Is that chiller you just purchased ready for winter?
If you haven’t noticed, the COLD is coming. And if you’ve recently purchased or installed an outdoor packaged chiller, now is a great time to make sure you’ve done the necessary prep work to ensure a worry free, and freeze free winter season. Here are a few things to think about before the real cold comes.
- Is everything in the system completely installed, including the piping, pumps, controls and safeties? Is the chilled water piping wrapped with heater cable and insulated? Has the electrical been connected and the chiller and pumps started up? If you can check-off this first step, then we are headed in the right direction. If not, there is still time!
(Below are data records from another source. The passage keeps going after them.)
(* For any $d\ge1$, $T\ge1$ and any unit vectors $|\psi_1\rangle,\dots,|\psi_T\rangle\in\mathbb{C}^d$, $$\sum_{\pi\in S_T}\mathrm{Tr}\!\left(\pi\bigotimes_{t=1}^T|\psi_t\rangle\langle\psi_t|\right)\ \ge\ 1.$$
   Context: $S_T$ is the symmetric group on $T$ letters. For $\pi\in S_T$, the corresponding permutation operator on $(\mathbb{C}^d)^{\otimes T}$ (also denoted $\pi$) is the linear map with $\pi(|v_1\rangle\otimes\cdots\otimes|v_T\rangle)=|v_{\pi^{-1}(1)}\rangle\otimes\cdots\otimes|v_{\pi^{-1}(T)}\rangle$. *)

theory Defs
  imports "HOL-Analysis.Analysis" "HOL-Library.Complex_Order" "HOL-Combinatorics.Permutations"
begin

text \<open>Computational basis of (C^d)^{\<otimes>T}: index tuples j : {0..<T} \<rightarrow> {0..<d}
  (extensional functions). Operators are matrices indexed by such tuples.
  Tensor factors are numbered 0..T-1 instead of 1..T.\<close>

definition idx :: "nat \<Rightarrow> nat \<Rightarrow> (nat \<Rightarrow> nat) set" where
  "idx d T = PiE {..<T} (\<lambda>_. {..<d})"

definition op_mult :: "nat \<Rightarrow> nat \<Rightarrow> ((nat \<Rightarrow> nat) \<Rightarrow> (nat \<Rightarrow> nat) \<Rightarrow> complex)
    \<Rightarrow> ((nat \<Rightarrow> nat) \<Rightarrow> (nat \<Rightarrow> nat) \<Rightarrow> complex) \<Rightarrow> (nat \<Rightarrow> nat) \<Rightarrow> (nat \<Rightarrow> nat) \<Rightarrow> complex" where
  "op_mult d T A B i j = (\<Sum>k\<in>idx d T. A i k * B k j)"

definition op_trace :: "nat \<Rightarrow> nat \<Rightarrow> ((nat \<Rightarrow> nat) \<Rightarrow> (nat \<Rightarrow> nat) \<Rightarrow> complex) \<Rightarrow> complex" where
  "op_trace d T A = (\<Sum>i\<in>idx d T. A i i)"
(* Let $0<\alpha\le2$, $j\ne0$, $V\in C^2(\mathbb{T})$, and real numbers $p_1,\dots,p_n\ge0$, $q_1,\dots,q_n$ with $p_k^2+q_k^2>0$ for $1\le k\le n$. If $(c_1,d_1),(c_2,d_2)\in\mathcal{C}$ both solve the system (S), then $(c_1,d_1)=(c_2,d_2)$.
   Context: $\mathbb{T}=\mathbb{R}/\mathbb{Z}$. Set $c_j=(j^2/2)^{1/\alpha}$; $\phi_\alpha(t)=\frac{c_j\alpha}{\alpha-1}t^{(\alpha-1)/\alpha}$ if $\alpha\ne1$, $\phi_\alpha(t)=c_j\ln t$ if $\alpha=1$ ($t>0$). $\mathcal{C}\subset\mathbb{R}^{2n+1}$ is the set of $(a_0,\dots,a_n,b_1,\dots,b_n)$ with $a_0+\sum_{k=1}^n(a_k\cos(2\pi kx)+b_k\sin(2\pi kx))-V(x)>0$ for all $x\in\mathbb{T}$; on $\mathcal{C}$, $\Phi_\alpha(a_0,\dots,b_n)=\int_{\mathbb{T}}\phi_\alpha\big(a_0+\sum_{k=1}^n(a_k\cos(2\pi ky)+b_k\sin(2\pi ky))-V(y)\big)\,dy$. System (S): $\partial\Phi_\alpha/\partial a_0=1$, $\partial\Phi_\alpha/\partial a_k=\frac{p_ka_k+q_kb_k}{p_k^2+q_k^2}$, $\partial\Phi_\alpha/\partial b_k=\frac{p_kb_k-q_ka_k}{p_k^2+q_k^2}$ for $1\le k\le n$. *)

theory Defs
  imports "HOL-Analysis.Analysis"
begin

definition cj :: "real \<Rightarrow> real \<Rightarrow> real" where
  "cj alpha j = (j^2 / 2) powr (1 / alpha)"

text \<open>phi_alpha(t), meaningful for t > 0\<close>
definition phi :: "real \<Rightarrow> real \<Rightarrow> real \<Rightarrow> real" where
  "phi alpha j t = (if alpha \<noteq> 1
     then cj alpha j * alpha / (alpha - 1) * t powr ((alpha - 1) / alpha)
     else cj alpha j * ln t)"
text \<open>v is pushed behind the queue, w is processed in front of it, and v is popped again.\<close>
lemma runs_enclosed:
  assumes "transduces w Q Q'"
  shows "runs (v @ w @ v) Q Q'"
  unfolding runs_def
proof
  fix rest
  have "qstep\<^sup>*\<^sup>* ([] @ Q, v @ (w @ v @ rest)) (Q @ v, w @ v @ rest)"
    using transduces_push_all[of v] unfolding transduces_def by blast
  also have "qstep\<^sup>*\<^sup>* \<dots> (v @ Q', v @ rest)"
    using assms unfolding transduces_def by blast
  also have "qstep\<^sup>*\<^sup>* \<dots> (Q' @ [], rest)"
    using transduces_pop_all[of v] unfolding transduces_def by blast
  finally show "qstep\<^sup>*\<^sup>* (Q, (v @ w @ v) @ rest) (Q', rest)"
    by simp
qed

lemma accepted_imp_shuffle:
  "qstep\<^sup>*\<^sup>* C ([], []) \<Longrightarrow> \<exists>xs ys. length xs = length ys \<and> fst C @ concat xs = concat ys
     \<and> snd C = concat (map2 (@) xs ys)"
proof (induction rule: converse_rtranclp_induct)
  case base
  show ?case by (intro exI[of _ "[]"]) simp
next
  case (step C C')
  then obtain xs ys where IH: "length xs = length ys" "fst C' @ concat xs = concat ys"
     "snd C' = concat (map2 (@) xs ys)" by blast
  from step(1) show ?case
  proof cases
    case (push Q s x)
    with IH show ?thesis by (intro exI[of _ "[s] # xs"] exI[of _ "[] # ys"]) simp
  next
    case (pop s Q x)
    with IH show ?thesis by (intro exI[of _ "[] # xs"] exI[of _ "[s] # ys"]) simp
  qed
qed

lemma pw_length: "pw u (length xs) = concat (map (\<lambda>_. u) xs)"
  by (simp add: pw_def map_replicate_const)

lemma pw_add: "pw u (a + b) = pw u a @ pw u b"
  by (simp add: pw_def replicate_add)

lemma replicate_split:
  "i \<le> n \<Longrightarrow> replicate i a @ replicate (n - i) a @ xs = replicate n a @ xs"
  by (metis append.assoc le_add_diff_inverse replicate_add)
lemma flux_has_derivative:
  "((\<lambda>d. influence \<gamma> \<delta> d * d) has_real_derivative flux_deriv \<gamma> \<delta> d) (at d)"
  unfolding flux_deriv_def
  by (rule derivative_eq_intros influence_has_derivative refl)+ (simp add: algebra_simps power2_eq_square)

lemma coordinate_difference_has_derivative:
  "((\<lambda>t. (x(j := t)) l - (x(j := t)) k) has_real_derivative
     of_bool (l = j) - of_bool (k = j)) (at t)"
  by (auto intro!: derivative_eq_intros)

lemma sbcm_w_along_coordinate_differentiable:
  "(\<lambda>t. sbcm_w E \<gamma> \<delta> ((x(j := t)) k) ((x(j := t)) l) k l) differentiable (at t)"
proof -
  have "(\<lambda>t. influence \<gamma> \<delta> ((x(j := t)) l - (x(j := t)) k)) differentiable (at t)"
    unfolding real_differentiable_def
    by (rule exI DERIV_chain2[OF influence_has_derivative coordinate_difference_has_derivative])+
  then show ?thesis
    unfolding sbcm_w_eq_influence by (cases "E k l") simp_all
qed

lemma sbcm_numerator_term_has_derivative:
  "((\<lambda>t. sbcm_w E \<gamma> \<delta> ((x(j := t)) k) ((x(j := t)) l) k l * ((x(j := t)) l - (x(j := t)) k))
     has_real_derivative sbcm_coupling E \<gamma> \<delta> x k l * (of_bool (l = j) - of_bool (k = j))) (at (x j))"
  unfolding sbcm_w_eq_influence sbcm_coupling_def
  using DERIV_chain2[OF flux_has_derivative coordinate_difference_has_derivative, of \<gamma> \<delta> x j l k]
  by auto
lemma d3_eq_fundamental_defects:
  assumes br: "JLSTS scale V0 V1 \<delta> br" and psi: "graded_map V0 V1 0 psi"
    and h: "hom V0 V1 x1 n1" "hom V0 V1 x2 n2" "hom V0 V1 x3 n3" "hom V0 V1 x4 n4" "hom V0 V1 x5 n5"
  shows "d3 scale \<delta> br psi 0 x1 n1 x2 n2 x3 n3 x4 n4 x5 n5 =
    - (fundamental_defect scale \<delta> br psi x1 n1 x2 n2 x3 n3 x4 n4 x5
       + fundamental_defect scale \<delta> psi br x1 n1 x2 n2 x3 n3 x4 n4 x5)"
proof -
  \<comment> \<open>The \<theta>-term of d^3 \<psi> carrying \<psi>(x1,x2,x4) in the first slot of the product becomes,
    by skew-symmetry of the product, the term [x3, \<psi>(x1,x2,x4), x5] of the mixed defects.\<close>
  have "hom V0 V1 (psi x1 x2 x4) ((n1 + n2 + n4) mod 2)"
    using psi h unfolding graded_map_def by fastforce
  from JLSTS_skew[OF br h(3) this h(5)]
  have skew: "br (psi x1 x2 x4) x3 x5
      = scale (- \<delta> * sgn1 (n3 * ((n1 + n2 + n4) mod 2))) (br x3 (psi x1 x2 x4) x5)" .
  with JLSTS_structure(1)[OF br] hom_degree[OF h(1)] hom_degree[OF h(2)] hom_degree[OF h(3)]
    hom_degree[OF h(4)] hom_degree[OF h(5)]
  show ?thesis
    by (elim disjE)
       (simp_all add: d3_def theta_def Dop_def fundamental_defect_def skew sgn1_def algebra_simps)
qed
- Has the cooler evaporator heater been connected to its separate electrical service and checked for the correct applied voltage? Be very careful here; an under voltage condition will keep the heater OFF until full voltage is restored to the system.
- Once the chiller has been started up and in operation for a while, have you done a visual inspection of the cooler evaporator and water piping to check for cracks or leaks? Spotting and fixing a leak now, could save 10’s of thousands of dollars in repair costs later, especially if it is located in the evaporator.
- If you plan on using glycol (anti-freeze), make sure you choose the right type and proper mixture for your application and for adequate freeze protection. Once you’ve filled the system, double check the mixture to make sure it is correct. A specially calibrated refractometer is the most reliable and practical means of verifying this. If the system was designed with 100% water, be VERY careful if you are now using glycol. Depending on the mixture percentage, this can drastically reduce the capacity of your system AND pump flow rates.
- Do you have a backup plan for loss of power? If you choose to not use glycol, and will not be draining the system, you probably plan on running the pumps all winter to prevent a frozen evaporator or piping. But what happens if your chiller loses power?